Task to carry out -
Restate word for word the lines of the records below, starting at the line that contains "dvd (\<Sum>i=1..m. \<psi>s i (x" and ending at the line that contains "i) = (\<Sum>i=1..m.", with both of those lines included and nothing else.

'''

(* Let $n,m>3$ be integers and let $\psi$ be an automorphism of $\mathcal{CSR}(m,n)$, and suppose $\psi_1,\dots,\psi_m$ are permutations of $\mathbb{Z}_n$ and $\sigma$ is a permutation of $[m]$ such that $\psi\big(\sum_i x_ie_i\big)=\sum_i\psi_i(x_i)e_{\sigma(i)}$ for every vertex. Then there are $c,d\in\mathbb{Z}_n$ with $c$ coprime to $n$ such that $\psi_1(x)=cx+d$ for all $x\in\mathbb{Z}_n$.
   Context: For positive integers $m,n$, the cyclic simplicial rook graph $\mathcal{CSR}(m,n)$ is the graph whose vertices are the vectors $(a_1,\dots,a_m)\in\mathbb{Z}_n^m$ with $a_1+\cdots+a_m\equiv 0 \pmod n$, two vertices being adjacent if and only if their vectors differ in exactly two coordinates. $[m]=\{1,\dots,m\}$ and $e_i\in\mathbb{Z}_n^m$ is the vector with $1$ in coordinate $i$ and $0$ elsewhere. *)

theory Defs
  imports "HOL-Combinatorics.Permutations" "HOL-Computational_Algebra.Primes"
begin

text \<open>Vertices of CSR(m,n): vectors indexed by {1..m} with entries in Z_n = {0..<n},
  represented as functions nat => nat that vanish outside {1..m}, with coordinate sum
  divisible by n.\<close>
definition csr_vertices :: "nat \<Rightarrow> nat \<Rightarrow> (nat \<Rightarrow> nat) set" where
  "csr_vertices m n = {x. (\<forall>i\<in>{1..m}. x i < n) \<and> (\<forall>i. i \<notin> {1..m} \<longrightarrow> x i = 0)
                         \<and> (\<Sum>i=1..m. x i) mod n = 0}"

definition csr_adj :: "nat \<Rightarrow> (nat \<Rightarrow> nat) \<Rightarrow> (nat \<Rightarrow> nat) \<Rightarrow> bool" where
  "csr_adj m x y \<longleftrightarrow> card {i\<in>{1..m}. x i \<noteq> y i} = 2"

definition csr_automorphism :: "nat \<Rightarrow> nat \<Rightarrow> ((nat \<Rightarrow> nat) \<Rightarrow> (nat \<Rightarrow> nat)) \<Rightarrow> bool" where
  "csr_automorphism m n \<psi> \<longleftrightarrow> bij_betw \<psi> (csr_vertices m n) (csr_vertices m n) \<and>
     (\<forall>x\<in>csr_vertices m n. \<forall>y\<in>csr_vertices m n. csr_adj m x y \<longleftrightarrow> csr_adj m (\<psi> x) (\<psi> y))"

end

theory Submission
  imports Defs "HOL-Number_Theory.Cong"
begin

text \<open>Evaluating
  the coordinate description of \<open>\<psi>\<close> on the vertices \<open>a e\<^sub>1 + b e\<^sub>2 + c e\<^sub>3\<close> with
  \<open>a + b + c = 0\<close> gives \<open>\<psi>\<^sub>1(a) + \<psi>\<^sub>2(b) + \<psi>\<^sub>3(c) + K = 0\<close> in \<open>\<int>\<^sub>n\<close> for a constant \<open>K\<close>.
  Comparing four such identities eliminates \<open>\<psi>\<^sub>2\<close> and \<open>\<psi>\<^sub>3\<close> and leaves Cauchy's equation
  \<open>\<psi>\<^sub>1(a + b) + \<psi>\<^sub>1(0) = \<psi>\<^sub>1(a) + \<psi>\<^sub>1(b)\<close>, whose solutions on the cyclic group \<open>\<int>\<^sub>n\<close> are
  affine. Finally an affine map \<open>x \<mapsto> c x + d\<close> can only be onto \<open>\<int>\<^sub>n\<close> if \<open>c\<close> is a unit.\<close>

lemma sum_atLeastAtMost_split_123:
  fixes f :: "nat \<Rightarrow> 'a::comm_monoid_add"
  assumes "3 \<le> m"
  shows "(\<Sum>i=1..m. f i) = f 1 + f 2 + f 3 + (\<Sum>i=4..m. f i)"
proof -
  have "{1..m} = {1,2,3} \<union> {4..m}" using assms by auto
  then show ?thesis by (simp add: sum.union_disjoint add.assoc)
qed

lemma csr_vertices_fun_upd_123:
  assumes "3 \<le> m" "a < n" "b < n" "c < n" "n dvd a + b + c"
  shows "(\<lambda>_. 0)(1 := a, 2 := b, 3 := c) \<in> csr_vertices m n"
  using assms sum_atLeastAtMost_split_123[OF \<open>3 \<le> m\<close>, of "(\<lambda>_. 0)(1 := a, 2 := b, 3 := c)"]
  unfolding csr_vertices_def by auto

lemma csr_coordinate_sum_dvd:
  assumes maps: "\<psi> ` csr_vertices m n \<subseteq> csr_vertices m n"
    and \<sigma>: "\<sigma> permutes {1..m}"
    and coord: "\<forall>x\<in>csr_vertices m n. \<forall>i\<in>{1..m}. \<psi> x (\<sigma> i) = \<psi>s i (x i)"
    and x: "x \<in> csr_vertices m n"
  shows "n dvd (\<Sum>i=1..m. \<psi>s i (x i))"
proof -
  have "n dvd (\<Sum>i=1..m. \<psi> x i)"
    using maps x unfolding csr_vertices_def by (auto simp: mod_eq_0_iff_dvd)
  also have "(\<Sum>i=1..m. \<psi> x i) = (\<Sum>i=1..m. \<psi> x (\<sigma> i))"
    using sum.permute[OF \<sigma>] by simp
  also have "\<dots> = (\<Sum>i=1..m. \<psi>s i (x i))"
    using coord x by simp
  finally show ?thesis .
qed

lemma csr_coordinate_sum_123_dvd:
  assumes "\<psi> ` csr_vertices m n \<subseteq> csr_vertices m n" "\<sigma> permutes {1..m}"
    and "\<forall>x\<in>csr_vertices m n. \<forall>i\<in>{1..m}. \<psi> x (\<sigma> i) = \<psi>s i (x i)"
    and "3 \<le> m" "a < n" "b < n" "c < n" "n dvd a + b + c"
  shows "n dvd \<psi>s 1 a + \<psi>s 2 b + \<psi>s 3 c + (\<Sum>i=4..m. \<psi>s i 0)"
proof -
  let ?x = "(\<lambda>_. 0)(1 := a, 2 := b, 3 := c)"
  have "n dvd (\<Sum>i=1..m. \<psi>s i (?x i))"
    using assms by (intro csr_coordinate_sum_dvd csr_vertices_fun_upd_123)
  also have "(\<Sum>i=1..m. \<psi>s i (?x i)) = \<psi>s 1 a + \<psi>s 2 b + \<psi>s 3 c + (\<Sum>i=4..m. \<psi>s i 0)"
    using sum_atLeastAtMost_split_123[OF \<open>3 \<le> m\<close>, of "\<lambda>i. \<psi>s i (?x i)"] by simp
  finally show ?thesis .
qed

lemma cong_additive_of_cong_zero_sum3:
  fixes f g h :: "nat \<Rightarrow> int"
  assumes zero_sum: "\<And>a b c. a < n \<Longrightarrow> b < n \<Longrightarrow> c < n \<Longrightarrow> n dvd a + b + c \<Longrightarrow>
      [f a + g b + h c = 0] (mod int n)"
    and "a < n" "b < n"
  shows "[f ((a + b) mod n) + f 0 = f a + f b] (mod int n)"
proof -
  define neg where "neg s = (n - s) mod n" for s
  have n: "n > 0" using \<open>a < n\<close> by simp
  have neg_less: "neg s < n" for s
    using n by (simp add: neg_def)
  have dvd_neg: "n dvd s + neg s" if "s < n" for s
    using that by (cases "s = 0") (auto simp: neg_def)
  have exchange: "[f a' + g b' = f a'' + g b''] (mod int n)"
    if "a' < n" "b' < n" "a'' < n" "b'' < n" "n dvd a' + b' + neg s" "n dvd a'' + b'' + neg s"
    for a' b' a'' b'' s
  proof -
    have "[f a' + g b' + h (neg s) = f a'' + g b'' + h (neg s)] (mod int n)"
      using cong_trans[OF zero_sum[of a' b' "neg s"] cong_sym[OF zero_sum[of a'' b'' "neg s"]]]
        that neg_less by blast
    then show ?thesis by (simp add: cong_add_rcancel)
  qed
  let ?s = "(a + b) mod n"
  have "n dvd a + b + neg ?s"
    using dvd_neg[of ?s] n by (simp add: mod_add_left_eq flip: mod_eq_0_iff_dvd)
  then have "[f ?s + g 0 = f a + g b] (mod int n)"
    using exchange[of ?s 0 a b ?s] dvd_neg[of ?s] assms n by simp
  moreover have "[f 0 + g b = f b + g 0] (mod int n)"
    using exchange[of 0 b b 0 b] dvd_neg[of b] assms n by simp
  ultimately have "[(f ?s + g 0) + (f 0 + g b) = (f a + g b) + (f b + g 0)] (mod int n)"
    by (rule cong_add)
  then have "[(f ?s + f 0) + (g 0 + g b) = (f a + f b) + (g 0 + g b)] (mod int n)"
    by (simp only: ac_simps)
  then show ?thesis by (simp add: cong_add_rcancel)
qed

lemma cong_affine_of_cong_additive:
  fixes f :: "nat \<Rightarrow> int" and k :: int
  assumes step: "\<And>x. Suc x < n \<Longrightarrow> [f (Suc x) + f 0 = f x + f 1] (mod k)"
    and "x < n"
  shows "[f x = f 0 + int x * (f 1 - f 0)] (mod k)"
  using \<open>x < n\<close>
proof (induction x)
  case 0
  then show ?case by simp
next
  case (Suc x)
  have "[f (Suc x) + f 0 = f x + f 1] (mod k)"
    using step Suc.prems by blast
  also have "[f x + f 1 = f 0 + int x * (f 1 - f 0) + f 1] (mod k)"
    using Suc by (simp add: cong_add_rcancel)
  also have "f 0 + int x * (f 1 - f 0) + f 1 = (f 0 + int (Suc x) * (f 1 - f 0)) + f 0"
    by (simp add: algebra_simps)
  finally show ?case
    by (simp only: cong_add_rcancel)
qed

lemma cong_affine_of_cong_zero_sum3:
  fixes f g h :: "nat \<Rightarrow> int"
  assumes "\<And>a b c. a < n \<Longrightarrow> b < n \<Longrightarrow> c < n \<Longrightarrow> n dvd a + b + c \<Longrightarrow>
      [f a + g b + h c = 0] (mod int n)"
    and "x < n"
  shows "[f x = f 0 + int x * (f 1 - f 0)] (mod int n)"
proof (rule cong_affine_of_cong_additive[OF _ \<open>x < n\<close>])
  fix y assume "Suc y < n"
  then show "[f (Suc y) + f 0 = f y + f 1] (mod int n)"
    using cong_additive_of_cong_zero_sum3[OF assms(1), where a = y and b = 1] by simp
qed

lemma eq_affine_mod_of_cong:
  fixes x y d n :: nat and k :: int
  assumes "y < n" "[int y = int d + int x * k] (mod int n)"
  shows "y = (nat (k mod int n) * x + d) mod n"
proof -
  have "int y = (int d + int x * k) mod int n"
    using assms by (simp add: cong_def)
  also have "\<dots> = (int d + int x * (k mod int n)) mod int n"
    by (metis mod_add_right_eq mod_mult_right_eq)
  also have "\<dots> = int ((nat (k mod int n) * x + d) mod n)"
    using \<open>y < n\<close> by (simp add: of_nat_mod algebra_simps)
  finally show ?thesis by simp
qed

lemma coprime_if_affine_mod_onto:
  fixes c d n :: nat
  assumes "n > 0" "(\<lambda>x. (c * x + d) mod n) ` A = {0..<n}"
  shows "coprime c n"
proof -
  have "(d + 1) mod n \<in> (\<lambda>x. (c * x + d) mod n) ` A"
    using assms by simp
  then obtain x where "[c * x + d = 1 + d] (mod n)"
    by (auto simp: cong_def add.commute)
  then have "[c * x = Suc 0] (mod n)"
    using cong_add_rcancel_nat[of "c * x" d 1] by simp
  then show ?thesis
    by (auto simp: coprime_iff_invertible_nat)
qed

lemma affine_mod_of_bij_betw_cong_affine:
  fixes \<phi> :: "nat \<Rightarrow> nat" and k :: int
  assumes "n > 0" and bij: "bij_betw \<phi> {0..<n} {0..<n}"
    and affine: "\<And>x. x < n \<Longrightarrow> [int (\<phi> x) = int (\<phi> 0) + int x * k] (mod int n)"
  shows "\<exists>c d. c < n \<and> d < n \<and> coprime c n \<and> (\<forall>x<n. \<phi> x = (c * x + d) mod n)"
proof -
  define c d where "c = nat (k mod int n)" and "d = \<phi> 0"
  have affine_nat: "\<phi> x = (c * x + d) mod n" if "x < n" for x
  proof -
    have "\<phi> x < n" using bij_betwE[OF bij] that by simp
    then show ?thesis unfolding c_def d_def by (rule eq_affine_mod_of_cong[OF _ affine[OF that]])
  qed
  have "(\<lambda>x. (c * x + d) mod n) ` {0..<n} = \<phi> ` {0..<n}"
    using affine_nat by (intro image_cong) simp_all
  also have "\<dots> = {0..<n}"
    using bij by (rule bij_betw_imp_surj_on)
  finally have "coprime c n"
    by (rule coprime_if_affine_mod_onto[OF \<open>n > 0\<close>])
  moreover have "c < n" "d < n"
    using \<open>n > 0\<close> bij_betwE[OF bij] by (simp_all add: c_def d_def nat_less_iff)
  ultimately show ?thesis using affine_nat by blast
qed

theorem lemma8:
  fixes m n :: nat and \<psi> :: "(nat \<Rightarrow> nat) \<Rightarrow> (nat \<Rightarrow> nat)"
    and \<psi>s :: "nat \<Rightarrow> nat \<Rightarrow> nat" and \<sigma> :: "nat \<Rightarrow> nat"
  assumes "n > 3" and "m > 3"
    and "csr_automorphism m n \<psi>"
    and "\<forall>i\<in>{1..m}. bij_betw (\<psi>s i) {0..<n} {0..<n}"
    and "\<sigma> permutes {1..m}"
    and "\<forall>x\<in>csr_vertices m n. \<forall>i\<in>{1..m}. \<psi> x (\<sigma> i) = \<psi>s i (x i)"
  shows "\<exists>c d. c < n \<and> d < n \<and> coprime c n \<and> (\<forall>x<n. \<psi>s 1 x = (c * x + d) mod n)"
proof -
  have m: "3 \<le> m" and n: "n > 0" using assms(1,2) by simp_all
  have maps: "\<psi> ` csr_vertices m n \<subseteq> csr_vertices m n"
    using assms(3) by (simp add: csr_automorphism_def bij_betw_def)
  define f g h where "f a = int (\<psi>s 1 a)" and "g b = int (\<psi>s 2 b)"
    and "h c = int (\<psi>s 3 c) + (\<Sum>i=4..m. int (\<psi>s i 0))" for a b c
  have zero_sum: "[f a + g b + h c = 0] (mod int n)"
    if "a < n" "b < n" "c < n" "n dvd a + b + c" for a b c
  proof -
    have "int n dvd int (\<psi>s 1 a + \<psi>s 2 b + \<psi>s 3 c + (\<Sum>i=4..m. \<psi>s i 0))"
      using csr_coordinate_sum_123_dvd[OF maps assms(5,6) m that] by (simp only: of_nat_dvd_iff)
    then show ?thesis by (simp add: f_def g_def h_def cong_0_iff add.assoc)
  qed
  show ?thesis
  proof (rule affine_mod_of_bij_betw_cong_affine[OF n])
    show "bij_betw (\<psi>s 1) {0..<n} {0..<n}" using assms(4) m by simp
    show "[int (\<psi>s 1 x) = int (\<psi>s 1 0) + int x * (f 1 - f 0)] (mod int n)" if "x < n" for x
      using cong_affine_of_cong_zero_sum3[OF zero_sum that] by (simp add: f_def)
  qed
qed

end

'''

Worked solution -
  shows "n dvd (\<Sum>i=1..m. \<psi>s i (x i))"
proof -
  have "n dvd (\<Sum>i=1..m. \<psi> x i)"
    using maps x unfolding csr_vertices_def by (auto simp: mod_eq_0_iff_dvd)
  also have "(\<Sum>i=1..m. \<psi> x i) = (\<Sum>i=1..m. \<psi> x (\<sigma> i))"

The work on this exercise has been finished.